In the part of Czechoslovakia annexed by Germany in March 1939, the Protectorate of Bohemia and Moravia, the Czechoslovak First League continued its 1938–39 season separately from the Gauligas and the German championship.

==Champions==

Map of Nazi Germany showing its expansion 1938 -1945

The 1938–39 Gauliga champions qualified for the group stage of the German championship. Dresdner SC, Hamburger SV, Admira Wien and FC Schalke 04 won their championship groups and advanced to the semi-finals with the latter two reaching the championship final which Schalke won.

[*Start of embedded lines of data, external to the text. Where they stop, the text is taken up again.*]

(* Let $\mathcal{X}=\{\mathbf{x}_1,\dots,\mathbf{x}_N\}\subset\mathbb{R}^d$, and for weights $\pi=(\pi_1,\dots,\pi_N)$ with $\pi_j>0$, $\sum_j\pi_j=1$, and bandwidths $\sigma\in(0,\infty)^N$ consider the $\pi$-KDE model $p_{\pi\text{-KDE}}(\mathbf{x};\pi,\sigma)=\sum_j\pi_j\mathcal{N}(\mathbf{x};\mathbf{x}_j,\sigma_j^2\mathbf{I})$, with total log-likelihood $L(\pi,\sigma)=\sum_i\log p_{\pi\text{-KDE}}(\mathbf{x}_i;\pi,\sigma)$ and leave-one-out total log-likelihood $L_{\text{LOO}}(\pi,\sigma)=\sum_i\log\sum_{j\ne i}\pi_j\mathcal{N}(\mathbf{x}_i;\mathbf{x}_j,\sigma_j^2\mathbf{I})$. Then: (i) For any index $j'$ and any fixed $\pi$ and fixed $\sigma_j>0$ ($j\ne j'$), $L(\pi,\sigma)\to+\infty$ as $\sigma_{j'}\to0^+$; conversely, if $\sigma_j\ge\varepsilon>0$ for all $j$ then $L(\pi,\sigma)$ is bounded above by a constant depending only on $N,d,\varepsilon$ (uniformly in $\pi$), so $L(\pi^{(n)},\sigma^{(n)})\to+\infty$ forces $\min_j\sigma^{(n)}_j\to0$. (ii) If $N\ge2$ and the points of $\mathcal{X}$ are pairwise distinct, then $L_{\text{LOO}}$ is bounded above on the set of all admissible $(\pi,\sigma)$. (iii) If $N\ge2$ and the points of $\mathcal{X}$ are pairwise distinct, there exists $\varepsilon>0$ depending only on the dataset such that every maximizer $(\pi^*,\sigma^* )$ of $L_{\text{LOO}}$ over admissible $(\pi,\sigma)$ satisfies $\sigma^*_j\ge\varepsilon$ for all $j$ (no data-copying).
   Context: $\mathcal{N}(\mathbf{x};\boldsymbol\mu,\sigma^2\mathbf{I})=(2\pi\sigma^2)^{-d/2}\exp\!\big(-\lVert\mathbf{x}-\boldsymbol\mu\rVert^2/(2\sigma^2)\big)$ denotes the isotropic Gaussian density on $\mathbb{R}^d$. The $\pi$-KDE model is a Gaussian mixture with fixed centres at the data points, individual positive weights $\pi_j$ summing to one, and individual bandwidths $\sigma_j$; the adaptive KDE is the special case $\pi_j=1/N$. "Data-copying" means that some bandwidth $\sigma_j\to0^+$. *)

theory Defs
  imports "HOL-Analysis.Analysis"
begin

definition gauss :: "'a::euclidean_space \<Rightarrow> 'a \<Rightarrow> real \<Rightarrow> real" where
  "gauss x mu s = (2 * pi * s\<^sup>2) powr (- real DIM('a) / 2) * exp (- (norm (x - mu))\<^sup>2 / (2 * s\<^sup>2))"

definition admissible :: "nat \<Rightarrow> (nat \<Rightarrow> real) \<Rightarrow> (nat \<Rightarrow> real) \<Rightarrow> bool" where
  "admissible N w s \<longleftrightarrow> (\<forall>j<N. w j > 0) \<and> (\<Sum>j<N. w j) = 1 \<and> (\<forall>j<N. s j > 0)"

definition pkde :: "nat \<Rightarrow> (nat \<Rightarrow> 'a::euclidean_space) \<Rightarrow> (nat \<Rightarrow> real) \<Rightarrow> (nat \<Rightarrow> real) \<Rightarrow> 'a \<Rightarrow> real" where
  "pkde N X w s x = (\<Sum>j<N. w j * gauss x (X j) (s j))"

definition loglik :: "nat \<Rightarrow> (nat \<Rightarrow> 'a::euclidean_space) \<Rightarrow> (nat \<Rightarrow> real) \<Rightarrow> (nat \<Rightarrow> real) \<Rightarrow> real" where
  "loglik N X w s = (\<Sum>i<N. ln (pkde N X w s (X i)))"

definition loglik_loo :: "nat \<Rightarrow> (nat \<Rightarrow> 'a::euclidean_space) \<Rightarrow> (nat \<Rightarrow> real) \<Rightarrow> (nat \<Rightarrow> real) \<Rightarrow> real" where
  "loglik_loo N X w s = (\<Sum>i<N. ln (\<Sum>j\<in>{..<N} - {i}. w j * gauss (X i) (X j) (s j)))"

end

theory Submission
  imports Defs
begin

text \<open>
  On the diagonal, the component centred at \<open>x\<^sub>j\<close> contributes \<open>\<pi>\<^sub>j (2\<pi>\<sigma>\<^sub>j\<^sup>2)\<^sup>-\<^sup>d\<^sup>/\<^sup>2\<close> to the density
  at \<open>x\<^sub>j\<close>, which blows up as \<open>\<sigma>\<^sub>j \<rightarrow> 0\<close>; with all bandwidths at least \<open>\<epsilon>\<close>, every Gaussian is
  at most \<open>(2\<pi>\<epsilon>\<^sup>2)\<^sup>-\<^sup>d\<^sup>/\<^sup>2\<close>, so \<open>L\<close> is bounded.
  Leaving out the diagonal removes the blow-up: off its centre, at distance \<open>r\<close>, a Gaussian is
  bounded by \<open>(d/(2\<pi>r\<^sup>2))\<^sup>d\<^sup>/\<^sup>2\<close> uniformly in the bandwidth, and as a function of \<open>\<sigma>\<close> it is strictly
  increasing while \<open>d\<sigma>\<^sup>2 < r\<^sup>2\<close>. Hence if the points are \<open>m\<close>-separated, raising any bandwidth below
  \<open>m/\<surd>d\<close> up to \<open>m/\<surd>d\<close> strictly increases \<open>L\<^sub>L\<^sub>O\<^sub>O\<close>, so maximisers never have such a bandwidth.
\<close>

lemma gauss_eq_exp:
  fixes x mu :: "'a::euclidean_space"
  assumes "s \<noteq> 0"
  shows "gauss x mu s =
    exp (- real DIM('a) / 2 * ln (2 * pi * s\<^sup>2) + - (norm (x - mu))\<^sup>2 / (2 * s\<^sup>2))"
proof -
  have "(2 * pi * s\<^sup>2) powr (- real DIM('a) / 2) = exp (- real DIM('a) / 2 * ln (2 * pi * s\<^sup>2))"
    using assms by (simp add: powr_def)
  then show ?thesis
    unfolding gauss_def exp_add by simp
qed

lemma gauss_pos: "s \<noteq> 0 \<Longrightarrow> gauss x mu s > 0"
  by (simp add: gauss_def)

lemma gauss_nonneg: "gauss x mu s \<ge> 0"
  by (simp add: gauss_def)

lemma gauss_same_centre:
  fixes x :: "'a::euclidean_space"
  shows "gauss x x s = (2 * pi * s\<^sup>2) powr (- real DIM('a) / 2)"
  by (simp add: gauss_def)

lemma gauss_le_of_bandwidth_ge:
  fixes x mu :: "'a::euclidean_space"
  assumes "0 < e" "e \<le> s"
  shows "gauss x mu s \<le> (2 * pi * e\<^sup>2) powr (- real DIM('a) / 2)"
proof -
  have "(2 * pi * s\<^sup>2) powr (- real DIM('a) / 2) \<le> (2 * pi * e\<^sup>2) powr (- real DIM('a) / 2)"
    using assms by (intro powr_mono2') (auto intro: power_mono)
  moreover have "exp (- (norm (x - mu))\<^sup>2 / (2 * s\<^sup>2)) \<le> 1" by simp
  ultimately show ?thesis
    unfolding gauss_def using mult_mono[of _ _ _ 1] by fastforce
qed

text \<open>From \<open>exp a \<ge> (a/k)\<^sup>k\<close> with \<open>k = d/2\<close> and \<open>a = r\<^sup>2/(2s\<^sup>2)\<close>.\<close>
lemma gauss_le_off_centre:
  fixes x mu :: "'a::euclidean_space"
  assumes "x \<noteq> mu" "s \<noteq> 0"
  shows "gauss x mu s \<le> (real DIM('a) / (2 * pi * (norm (x - mu))\<^sup>2)) powr (real DIM('a) / 2)"
proof -
  define k where "k = real DIM('a) / 2"
  define a where "a = (norm (x - mu))\<^sup>2 / (2 * s\<^sup>2)"
  define P where "P = 2 * pi * s\<^sup>2"
  have k: "k > 0" and a: "a > 0" and P: "P > 0"
    using assms by (simp_all add: k_def a_def P_def)
  have "(a / k) powr k \<le> exp (a / k) powr k"
    using k a by (intro powr_mono2) (auto intro: order_trans[OF _ exp_ge_add_one_self])
  also have "\<dots> = exp a"
    using k by (simp add: powr_def)
  finally have "exp (- a) \<le> (k / a) powr k"
    using a k by (simp add: exp_minus powr_divide field_simps)
  moreover have "gauss x mu s = P powr (- k) * exp (- a)"
    unfolding gauss_def k_def a_def P_def by simp
  ultimately have "gauss x mu s \<le> P powr (- k) * (k / a) powr k"
    by (simp add: mult_left_mono)
  also have "\<dots> = ((k / a) / P) powr k"
    using P a k by (simp add: powr_minus_divide powr_divide powr_mult mult.commute)
  also have "(k / a) / P = real DIM('a) / (2 * pi * (norm (x - mu))\<^sup>2)"
    unfolding k_def a_def P_def using assms by (simp add: field_simps)
  finally show ?thesis
    by (simp add: k_def)
qed
(* The maximum achievable average rate of the optimal buffer-aided selection rule is $$\bar R_{SD}=\sum_{k=1}^M\int_0^\infty\log_2(1+x)\,f^*_{\Gamma_{kD}}(x)\,dx,$$ where $f^*_{\Gamma_{kD}}$ is $f_{\Gamma_{kD}}$ evaluated at $\mu_k=\mu_k^*$ for all $k$. If all $2M$ links are i.i.d. with common PDF $f_\gamma$ and CDF $F_\gamma$, this simplifies to $$\bar R_{SD}=M\int_0^\infty\log_2(1+x)\,f_\gamma(x)\,\big(F_\gamma(x)\big)^{2M-1}dx.$$
   Context: Network of a source, $M$ half-duplex buffer-aided relays and a destination. In each time slot the $2M$ SNRs $\gamma_{Sk}$ (source to relay $k$) and $\gamma_{kD}$ (relay $k$ to destination) are mutually independent nonnegative random variables with PDFs $f_{\gamma_\alpha}$ and CDFs $F_{\gamma_\alpha}$, stationary/ergodic across slots. For constants $\mu_1,\dots,\mu_M\in(0,1)$ and $x>0$, $$f_{\Gamma_{kD}}(x)=f_{\gamma_{kD}}(x)F_{\gamma_{Sk}}\!\big((1+x)^{\frac{1-\mu_k}{\mu_k}}-1\big)\prod_{j\ne k}F_{\gamma_{Sj}}\!\big((1+x)^{\frac{1-\mu_k}{\mu_j}}-1\big)F_{\gamma_{jD}}\!\big((1+x)^{\frac{1-\mu_k}{1-\mu_j}}-1\big),$$ and analogously $f_{\Gamma_{Sk}}(x)=f_{\gamma_{Sk}}(x)F_{\gamma_{kD}}((1+x)^{\frac{\mu_k}{1-\mu_k}}-1)\prod_{j\ne k}F_{\gamma_{Sj}}((1+x)^{\frac{\mu_k}{\mu_j}}-1)F_{\gamma_{jD}}((1+x)^{\frac{\mu_k}{1-\mu_j}}-1)$. The optimal constants $\mu_k^*$ are a solution of $\int_0^\infty\log_2(1+x)f_{\Gamma_{Sk}}(x)dx=\int_0^\infty\log_2(1+x)f_{\Gamma_{kD}}(x)dx$ for $k=1,\dots,M$ (and $\mu_k^*=1/2$ in the i.i.d. case). The optimal rule selects, in each slot, relay $k$ to receive iff $\mu_k^*\log_2(1+\gamma_{Sk})$, or to transmit iff $(1-\mu_k^* )\log_2(1+\gamma_{kD})$, is the largest of the $2M$ quantities $\mu_j^*\log_2(1+\gamma_{Sj}),(1-\mu_j^* )\log_2(1+\gamma_{jD})$. *)

theory Defs
  imports "HOL-Probability.Probability"
begin

definition rv_cdf :: "'a measure \<Rightarrow> ('a \<Rightarrow> real) \<Rightarrow> real \<Rightarrow> real" where
  "rv_cdf M X x = measure M {\<omega> \<in> space M. X \<omega> \<le> x}"

text \<open>The density f_{Gamma_kD} (relays indexed 0..m-1). fS, fD: PDFs; FS, FD: CDFs;
  mu: the constants mu_k.\<close>
definition f_GammaD ::
  "nat \<Rightarrow> (nat \<Rightarrow> real \<Rightarrow> real) \<Rightarrow> (nat \<Rightarrow> real \<Rightarrow> real) \<Rightarrow>
   (nat \<Rightarrow> real \<Rightarrow> real) \<Rightarrow> (nat \<Rightarrow> real \<Rightarrow> real) \<Rightarrow> (nat \<Rightarrow> real) \<Rightarrow> nat \<Rightarrow> real \<Rightarrow> real" where
  "f_GammaD m fS FS fD FD mu k x =
     fD k x * FS k ((1 + x) powr ((1 - mu k) / mu k) - 1) *
     (\<Prod>j\<in>{..<m} - {k}. FS j ((1 + x) powr ((1 - mu k) / mu j) - 1) *
                          FD j ((1 + x) powr ((1 - mu k) / (1 - mu j)) - 1))"

definition f_GammaS ::
  "nat \<Rightarrow> (nat \<Rightarrow> real \<Rightarrow> real) \<Rightarrow> (nat \<Rightarrow> real \<Rightarrow> real) \<Rightarrow>
   (nat \<Rightarrow> real \<Rightarrow> real) \<Rightarrow> (nat \<Rightarrow> real \<Rightarrow> real) \<Rightarrow> (nat \<Rightarrow> real) \<Rightarrow> nat \<Rightarrow> real \<Rightarrow> real" where
  "f_GammaS m fS FS fD FD mu k x =
     fS k x * FD k ((1 + x) powr (mu k / (1 - mu k)) - 1) *
     (\<Prod>j\<in>{..<m} - {k}. FS j ((1 + x) powr (mu k / mu j) - 1) *
                          FD j ((1 + x) powr (mu k / (1 - mu j)) - 1))"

FC Schalke 04 won their sixth consecutive Gauliga title, Fortuna Düsseldorf their fourth, SV Dessau 05 and Hamburger SV won their third consecutive one while Vorwärts-Rasensport Gleiwitz defended their 1937–38 Gauliga title.
| Club | League | No. of clubs |
| VfR Mannheim | Gauliga Baden | 10 |
| FC Schweinfurt 05 | Gauliga Bayern(1938–39 season) | 10 |
| Blau-Weiß 90 Berlin | Gauliga Berlin-Brandenburg | 10 |
| CSC 03 Kassel | Gauliga Hessen | 10 |
| SV Dessau 05 | Gauliga Mitte | 10 |
| SpVgg Sülz 07 | Gauliga Mittelrhein | 10 |
| Fortuna Düsseldorf | Gauliga Niederrhein | 10 |
| VfL Osnabrück | Gauliga Niedersachsen | 10 |
| Hamburger SV | Gauliga Nordmark | 11 |
| Admira Wien | Gauliga Ostmark ^{‡}(1938–39 season) | 10 |
| Hindenburg Allenstein | Gauliga Ostpreußen | 10 |
| Viktoria Stolp | Gauliga Pommern | 10 |
| Dresdner SC | Gauliga Sachsen | 10 |
| Vorwärts-Rasensport Gleiwitz | Gauliga Schlesien | 10 |
| Warnsdorfer FK | Gauliga Sudetenland ^{‡} | 4 |
| Wormatia Worms | Gauliga Südwest | 10 |
| FC Schalke 04 | Gauliga Westfalen | 10 |
| Stuttgarter Kickers | Gauliga Württemberg | 10 |
- ^{‡} Denotes new Gauligas for the 1938–39 season.